По мнению друзей Александра, он выступал резче всех из двадцати с лишним участников форума. При этом из всех выступающих только Скобов и еще один человек проживали на тот момент в России, остальные — уже нет. Но Скобов высказывался категоричнее, чем те, кто уехал. После этого выступления к оппозиционеру домой приходили полицейские — «просто поговорить». Хозяин не открыл дверь, а незваные гости не стали ее ломать. Тот визит закончился ничем.
— Я его убеждал в том, что надо покинуть страну, — говорит Юлий Рыбаков. — Если хочешь продолжать дальше в том же духе — уезжай, потому что иначе ты попадешь за решетку, а там погибнешь. На что он мне заявлял:
«Нет, я тут останусь, я хочу быть участником своего собственного судебного процесса».
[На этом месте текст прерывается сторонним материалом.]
lemma d_h_append_homotopy:
  assumes "1 \<le> p" "p \<le> Suc m"
  shows "d_h (p - 1) (append_homotopy m f (p - 1)) x y
           = sgn_pow p (\<Sum>i\<le>p. sgn_pow i (f (face (Suc m) i (tup_append p (Suc m - p) x y))))"
proof -
  obtain k where p: "p = Suc k"
    using assms(1) by (cases p) auto
  have "tup_append k (m - k) (face k i x) y = face (Suc m) i (tup_append p (Suc m - p) x y)"
    if "i \<le> Suc k" for i
    using face_tup_append_left[OF that, of "m - k" x y] assms(2) p by simp
  then show ?thesis
    by (simp add: d_h_def append_homotopy_def p sgn_pow_sum sgn_pow_commute del: sum.atMost_Suc)
qed

lemma d_v_append_homotopy:
  assumes "p \<le> m"
  shows "d_v p (m - p) (append_homotopy m f p) x y
           = sgn_pow p (\<Sum>i\<le>Suc m - p. sgn_pow (Suc p + i)
                          (f (face (Suc m) (Suc p + i) (tup_append p (Suc m - p) x y))))"
proof -
  have deg: "Suc (m - p) = Suc m - p"
    using assms by simp
  have "tup_append p (m - p) x (face (m - p) i y)
          = face (Suc m) (Suc p + i) (tup_append p (Suc m - p) x y)" if "i \<le> Suc (m - p)" for i
    using face_tup_append_right[OF that, of p x y] assms deg by simp
  then show ?thesis
    using deg by (simp add: d_v_def append_homotopy_def sgn_pow_add[symmetric] add.commute)
qed

lemma totD_append_homotopy:
  fixes f :: "(nat \<Rightarrow> 'g) \<Rightarrow> 'a::ab_group_add"
  assumes cocycle: "\<forall>z\<in>tup (Suc n). hdiff n f z = 0"
    and n: "n = Suc m" and p: "p \<le> n" and x: "x \<in> tup p" and y: "y \<in> tup (n - p)"
  shows "totD m (append_homotopy m f) p x y = j_v n f p x y - j_h n f p x y"
proof -
  define s where "s j = sgn_pow j (f (face n j (tup_append p (n - p) x y)))" for j
  define S where "S = (\<Sum>j\<le>p. s j)"
  define T where "T = (\<Sum>i\<le>n - p. s (Suc p + i))"
  have "tup_append p (n - p) x y \<in> tup (Suc n)"
    using tup_append_in_tup[of p "n - p" x y] p by simp
  then have split: "S + T = 0"
    using cocycle sum_atMost_Suc_split[OF p, of s] by (simp add: hdiff_def s_def S_def T_def)
  have H: "d_h (p - 1) (append_homotopy m f (p - 1)) x y = sgn_pow p S" if "p \<noteq> 0"
    using d_h_append_homotopy[of p m f x y] that p n by (simp add: s_def S_def)
  have V: "d_v p (m - p) (append_homotopy m f p) x y = sgn_pow p T" if "p \<noteq> n"
    using d_v_append_homotopy[of p m f x y] that p n by (simp add: s_def T_def)
  consider "p = 0" | "p = n" | "p \<noteq> 0" "p \<noteq> n"
    by blast
  then show ?thesis
  proof cases
    case 1
    have "T = - s 0"
      using split 1 by (simp add: S_def eq_neg_iff_add_eq_0 add.commute)
    moreover have "s 0 = f y"
      using face_first_tup_append[of y n x] y 1 by (simp add: s_def sgn_pow_def)
    ultimately show ?thesis
      using 1 n V by (simp add: totD_def j_v_def j_h_def sgn_pow_def)
  next
    case 2
    have "S = - s (Suc n)"
      using split 2 by (simp add: T_def eq_neg_iff_add_eq_0)
    moreover have "s (Suc n) = - sgn_pow n (f x)"
      using face_last_tup_append[of x n y] x 2 by (simp add: s_def sgn_pow_Suc)
    ultimately show ?thesis
      using 2 n H by (simp add: totD_def j_v_def j_h_def)
  next
    case 3
    then show ?thesis
      using p n H V split by (simp add: totD_def j_v_def j_h_def flip: sgn_pow_plus)
  qed
qed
— Он не раз мог остаться за границей, — отмечает Ольга Щеглова, — но у него никогда не было таких поползновений. У мужа огромное количество друзей, которые его ждали в Армении, Литве, Польше и там бы, конечно, приютили. Но он не хотел ютиться — вот в чем дело. Это тоже дорогого стоит.
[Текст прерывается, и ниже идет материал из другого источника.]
(* Let $Z_1,Z_2$ be independent non-negative random variables and $Z_1',Z_2'$ independent non-negative random variables such that for each of $Z_1,Z_2,Z_1',Z_2'$: its law has a point mass at $0$ and a density on $(0,\infty)$, and its transform $\mathbb E e^{\theta Z}$ is nonzero for all complex $\theta$ with $\Re(\theta)\le0$. If $Z_1-Z_2\stackrel{\rm d}{=} Z_1'-Z_2'$, then $Z_1\stackrel{\rm d}{=}Z_1'$ and $Z_2\stackrel{\rm d}{=}Z_2'$. *)

theory Defs
  imports "HOL-Probability.Probability"
begin

definition atom0_density_law :: "real measure \<Rightarrow> bool" where
  "atom0_density_law \<mu> \<longleftrightarrow>
     emeasure \<mu> {0} > 0 \<and>
     (\<exists>f \<in> borel_measurable borel.
        \<forall>A \<in> sets borel. emeasure \<mu> (A \<inter> {0<..}) = (\<integral>\<^sup>+ x \<in> A \<inter> {0<..}. f x \<partial>lborel))"

definition transform :: "'a measure \<Rightarrow> ('a \<Rightarrow> real) \<Rightarrow> complex \<Rightarrow> complex" where
  "transform M Z \<theta> = (\<integral> x. exp (\<theta> * complex_of_real (Z x)) \<partial>M)"

definition good_rv :: "'a measure \<Rightarrow> ('a \<Rightarrow> real) \<Rightarrow> bool" where
  "good_rv M Z \<longleftrightarrow>
     Z \<in> borel_measurable M \<and>
     (AE x in M. Z x \<ge> 0) \<and>
     atom0_density_law (distr M borel Z) \<and>
     (\<forall>\<theta>::complex. Re \<theta> \<le> 0 \<longrightarrow> transform M Z \<theta> \<noteq> 0)"

end

theory Submission
  imports Defs "HOL-Complex_Analysis.Complex_Analysis"
begin

(* For a law \<mu> on [0,\<infinity>) let \<phi>\<^sub>\<mu>(\<theta>) = E exp(\<theta> Z) on the closed left half-plane.
   On the imaginary axis the hypothesis reads \<phi>\<^sub>1(\<theta>) \<phi>\<^sub>2(-\<theta>) = \<phi>\<^sub>1'(\<theta>) \<phi>\<^sub>2'(-\<theta>),
   so \<phi>\<^sub>1/\<phi>\<^sub>1' on the left half-plane and \<phi>\<^sub>2'(-\<theta>)/\<phi>\<^sub>2(-\<theta>) on the right half-plane
   glue to an entire function. It is bounded: the numerators have modulus at most 1, and every
   transform is bounded away from 0. Indeed \<phi>(\<theta>) = p + \<integral>\<^sub>0\<^sup>\<infinity> g(x) exp(\<theta> x) dx with an atom
   p > 0 and an integrable density g; the integral tends to 0 as |Im \<theta>| \<rightarrow> \<infinity> (Riemann-Lebesgue,
   uniformly in Re \<theta> \<le> 0) and as Re \<theta> \<rightarrow> -\<infinity>, and on the remaining compact rectangle \<phi> is
   continuous and nonzero. By Liouville's theorem the glued function is constantly 1, so the
   characteristic functions coincide and Levy's uniqueness theorem identifies the laws. *)

lemma norm_exp_mult_of_real_le_1:
  "Re \<theta> \<le> 0 \<Longrightarrow> 0 \<le> x \<Longrightarrow> norm (exp (\<theta> * complex_of_real x)) \<le> 1"
  by (simp add: norm_exp_eq_Re mult_nonpos_nonneg)

lemma mult_exp_neg_le:
  fixes d x :: real
  assumes "0 < d" "0 \<le> x"
  shows "x * exp (- d * x) \<le> 1 / d"
proof -
  have "d * x \<le> exp (d * x)" using exp_ge_add_one_self[of "d * x"] by linarith
  then have "x \<le> exp (d * x) / d" using assms by (simp add: field_simps)
  then have "x * exp (- d * x) \<le> exp (d * x) / d * exp (- d * x)"
    by (intro mult_right_mono) auto
  also have "\<dots> = 1 / d" by (simp add: exp_minus field_simps)
  finally show ?thesis .
qed

lemma power2_mult_exp_neg_le:
  fixes d x :: real
  assumes "0 < d" "0 \<le> x"
  shows "x\<^sup>2 * exp (- d * x) \<le> 2 / d\<^sup>2"
proof -
  have "1 + d * x + (d * x)\<^sup>2 / 2 \<le> exp (d * x)"
    using assms by (intro exp_lower_Taylor_quadratic) auto
  then have "(d * x)\<^sup>2 / 2 \<le> exp (d * x)" using assms by (smt (verit) mult_nonneg_nonneg)
  then have "d\<^sup>2 * x\<^sup>2 \<le> 2 * exp (d * x)" by (simp add: power_mult_distrib)
  then have "x\<^sup>2 \<le> 2 * exp (d * x) / d\<^sup>2" using assms by (simp add: field_simps)
  then have "x\<^sup>2 * exp (- d * x) \<le> 2 * exp (d * x) / d\<^sup>2 * exp (- d * x)"
    by (intro mult_right_mono) auto
  also have "\<dots> = 2 / d\<^sup>2" by (simp add: exp_minus field_simps)
  finally show ?thesis .
qed
lemma ip_restr_vvec_eq_laplacian:
  assumes "A \<subseteq> Nodes d n" "p \<in> Nodes d n" "\<forall>q. q \<notin> A \<longrightarrow> u q = 0"
  shows "ip A u (restr A (vvec d n \<gamma> p)) = laplacian d n \<gamma> u p"
proof -
  have "ip A u (restr A (vvec d n \<gamma> p)) = (\<Sum>q\<in>A. vvec d n \<gamma> p q * u q)"
    unfolding ip_def restr_def by (simp add: mult.commute)
  also have "\<dots> = (\<Sum>q\<in>Nodes d n. vvec d n \<gamma> p q * u q)"
    using assms finite_Nodes by (intro sum.mono_neutral_left) auto
  finally show ?thesis using laplacian_eq_sum_vvec[OF assms(2)] by simp
qed

lemma Ut_subset_orthogonal_complement:
  fixes t :: int
  assumes "d \<ge> 1" "conductivity d n \<gamma>"
  defines "A \<equiv> LSt d n t \<union> JSt d n t"
  shows "Ut d n \<gamma> t \<subseteq>
    {f. (\<forall>p. p \<notin> A \<longrightarrow> f p = 0) \<and> (\<forall>p\<in>LSt d n (t + 1). ip A f (restr A (vvec d n \<gamma> p)) = 0)}"
proof
  fix u assume "u \<in> Ut d n \<gamma> t"
  then obtain \<phi> where \<phi>: "\<phi> \<in> kerT1 d n \<gamma> t"
    and u: "u = restr (JSt d n t \<union> LSt d n t) (Sgam d n \<gamma> \<phi>)"
    unfolding Ut_def by blast
  have supp: "\<forall>q. q \<notin> A \<longrightarrow> Sgam d n \<gamma> \<phi> q = 0"
    using Sgam_kerT1_vanishes[OF assms(1,2) \<phi>] unfolding A_def by blast
  then have "u = Sgam d n \<gamma> \<phi>" unfolding u A_def restr_def by (auto simp: fun_eq_iff)
  moreover have "ip A (Sgam d n \<gamma> \<phi>) (restr A (vvec d n \<gamma> p)) = 0" if "p \<in> LSt d n (t + 1)" for p
  proof -
    have "p \<in> Dom d n" using that unfolding LSt_def by blast
    then have "laplacian d n \<gamma> (Sgam d n \<gamma> \<phi>) p = 0"
      using Sgam_solution[OF assms(1,2)] unfolding dirichlet_solution_def by blast
    moreover have "p \<in> Nodes d n" using \<open>p \<in> Dom d n\<close> unfolding Nodes_def by blast
    ultimately show ?thesis
      using ip_restr_vvec_eq_laplacian[OF LSt_JSt_subset_Nodes[of d n t, folded A_def] _ supp] by simp
  qed
  ultimately show "u \<in> {f. (\<forall>p. p \<notin> A \<longrightarrow> f p = 0) \<and>
      (\<forall>p\<in>LSt d n (t + 1). ip A f (restr A (vvec d n \<gamma> p)) = 0)}"
    using supp by blast
qed

lemma orthogonal_complement_subset_Ut:
  fixes t :: int
  assumes "d \<ge> 1" "conductivity d n \<gamma>"
  defines "A \<equiv> LSt d n t \<union> JSt d n t"
  shows "{f. (\<forall>p. p \<notin> A \<longrightarrow> f p = 0) \<and> (\<forall>p\<in>LSt d n (t + 1). ip A f (restr A (vvec d n \<gamma> p)) = 0)}
    \<subseteq> Ut d n \<gamma> t"
proof
  fix f assume "f \<in> {f. (\<forall>p. p \<notin> A \<longrightarrow> f p = 0) \<and>
      (\<forall>p\<in>LSt d n (t + 1). ip A f (restr A (vvec d n \<gamma> p)) = 0)}"
  then have supp: "\<forall>p. p \<notin> A \<longrightarrow> f p = 0"
    and orth: "\<forall>p\<in>LSt d n (t + 1). ip A f (restr A (vvec d n \<gamma> p)) = 0" by auto
  have "laplacian d n \<gamma> f p = 0" if p: "p \<in> Dom d n" for p
  proof (cases "ssum d p \<le> t + 1")
    case True
    then have "ip A f (restr A (vvec d n \<gamma> p)) = 0" using orth p unfolding LSt_def by blast
    moreover have "p \<in> Nodes d n" using p unfolding Nodes_def by blast
    ultimately show ?thesis
      using ip_restr_vvec_eq_laplacian[OF LSt_JSt_subset_Nodes[of d n t, folded A_def] _ supp] by simp
  next
    case False
    then have "f p = 0" using supp Dom_in_LSt_JSt_iff[OF p, of t] unfolding A_def by auto
    moreover have "\<forall>q\<in>Nbr d n p. f q = 0"
      using False supp Nbr_above_notin_LSt_JSt[OF assms(1) p] unfolding A_def by auto
    ultimately show ?thesis unfolding laplacian_def by simp
  qed
  then have "dirichlet_solution d n \<gamma> (restr (JSt d n t) f) f"
    using supp Bdry_in_LSt_JSt_iff[of _ d n t] LSt_JSt_subset_Nodes[of d n t]
    unfolding dirichlet_solution_def restr_def A_def by auto
  then have Sgam_f: "Sgam d n \<gamma> (restr (JSt d n t) f) = f" by (rule Sgam_eqI[OF assms(1,2)])
  have "\<forall>p\<in>Lt d n (t + 1). f p = 0"
    using supp Dom_in_LSt_JSt_iff[of _ d n t] unfolding A_def Lt_def by force
  then have "restr (JSt d n t) f \<in> kerT1 d n \<gamma> t"
    using Sgam_f unfolding kerT1_def restr_def by simp
  moreover have "restr (JSt d n t \<union> LSt d n t) f = f"
    using supp unfolding A_def restr_def by (auto simp: fun_eq_iff)
  ultimately show "f \<in> Ut d n \<gamma> t" unfolding Ut_def using Sgam_f by (metis image_eqI)
qed

theorem lemma2p4:
  fixes d n :: nat and \<gamma> :: "pt \<Rightarrow> pt \<Rightarrow> real" and t :: int
  assumes "d \<ge> 2" and "n \<ge> 1" and "conductivity d n \<gamma>"
    and "int d - 1 \<le> t" and "t \<le> int d * int n - 1"
  defines "A \<equiv> LSt d n t \<union> JSt d n t"
  defines "W \<equiv> fspan (LSt d n (t + 1)) (\<lambda>p. restr A (vvec d n \<gamma> p))"
  shows "(\<forall>u\<in>Ut d n \<gamma> t. \<forall>w\<in>W. ip A u w = 0)
    \<and> Ut d n \<gamma> t \<inter> W = {\<lambda>_. 0}
    \<and> {(\<lambda>q. u q + w q) | u w. u \<in> Ut d n \<gamma> t \<and> w \<in> W} = {f. \<forall>p. p \<notin> A \<longrightarrow> f p = 0}"
proof -
  have "d \<ge> 1" using assms(1) by simp
  have Ut_eq: "Ut d n \<gamma> t = {f. (\<forall>p. p \<notin> A \<longrightarrow> f p = 0)
      \<and> (\<forall>p\<in>LSt d n (t + 1). ip A f (restr A (vvec d n \<gamma> p)) = 0)}"
    unfolding A_def
    by (rule equalityI[OF Ut_subset_orthogonal_complement orthogonal_complement_subset_Ut])
      (fact \<open>d \<ge> 1\<close> assms(3))+
  have "finite A"
    unfolding A_def by (rule finite_subset[OF LSt_JSt_subset_Nodes finite_Nodes])
  moreover have "finite (LSt d n (t + 1))"
    by (rule finite_subset[OF _ finite_Nodes]) (auto simp: LSt_def Nodes_def)
  moreover have "\<forall>p\<in>LSt d n (t + 1). \<forall>q. q \<notin> A \<longrightarrow> restr A (vvec d n \<gamma> p) q = 0"
    by (simp add: restr_def)
  ultimately show ?thesis
    unfolding W_def Ut_eq by (rule orthogonal_complement_direct_sum)
qed

end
— Конечно, Сашка понимал, что вся его бурная пацифистская деятельность ведет в тюрьму, — подытоживает Михаил Седунов. — Я пытался его остановить: «Куда тебе в тюрьму, ты же почти слепой?» А он парировал: «Какая разница, где жить слепому — на свободе или в неволе»? Второй аргумент: «У тебя мать на иждивении, ты за ней ухаживаешь». Его ответ: «Друзья позаботятся». Нельзя было Сашу удержать, отговорить, можно было только испортить отношения, и всё. А вы пробовали остановить самолет, который разгоняется на взлетной полосе, схватившись за его крыло?

— Такое его поведение — акт отчаяния, — считает Седунов. — Он максимально хотел бороться с тем откровенным злом, которое собой представляет нынешняя российская власть. Человек был воспитан таким образом, что со злом надо бороться. Он боролся всеми способами, какими только мог. И у него уже не осталось никакого другого способа. Другое дело — хорош ли этот способ? То, что он сделал, — это почти самосожжение. Но Саша полагал, что если он уедет, то не сможет бороться так, как живя здесь. Собственно, позиция Навального — один к одному. Абсолютно. Больше всего я боюсь, что его постигнет такая же судьба…
— Александр Валерьевич — во-первых, человек старый, осенью ему исполнится 67 лет. Во-вторых, больной. Его довольно крепко избили летом 2014 года, — напоминает друг Скобова, литературный критик, публицист, писатель и переводчик Никита Елисеев. — Это было давно, но последствия сказываются до сих пор. Он ничего не видит. У него много по-настоящему тяжелых болезней. Если он получит тот срок, что ему обещают, — 7,5 лет, то живым из тюрьмы уже не выйдет…
До конца апреля Городской суд Петербурга должен рассмотреть жалобу на арест Александра Скобова.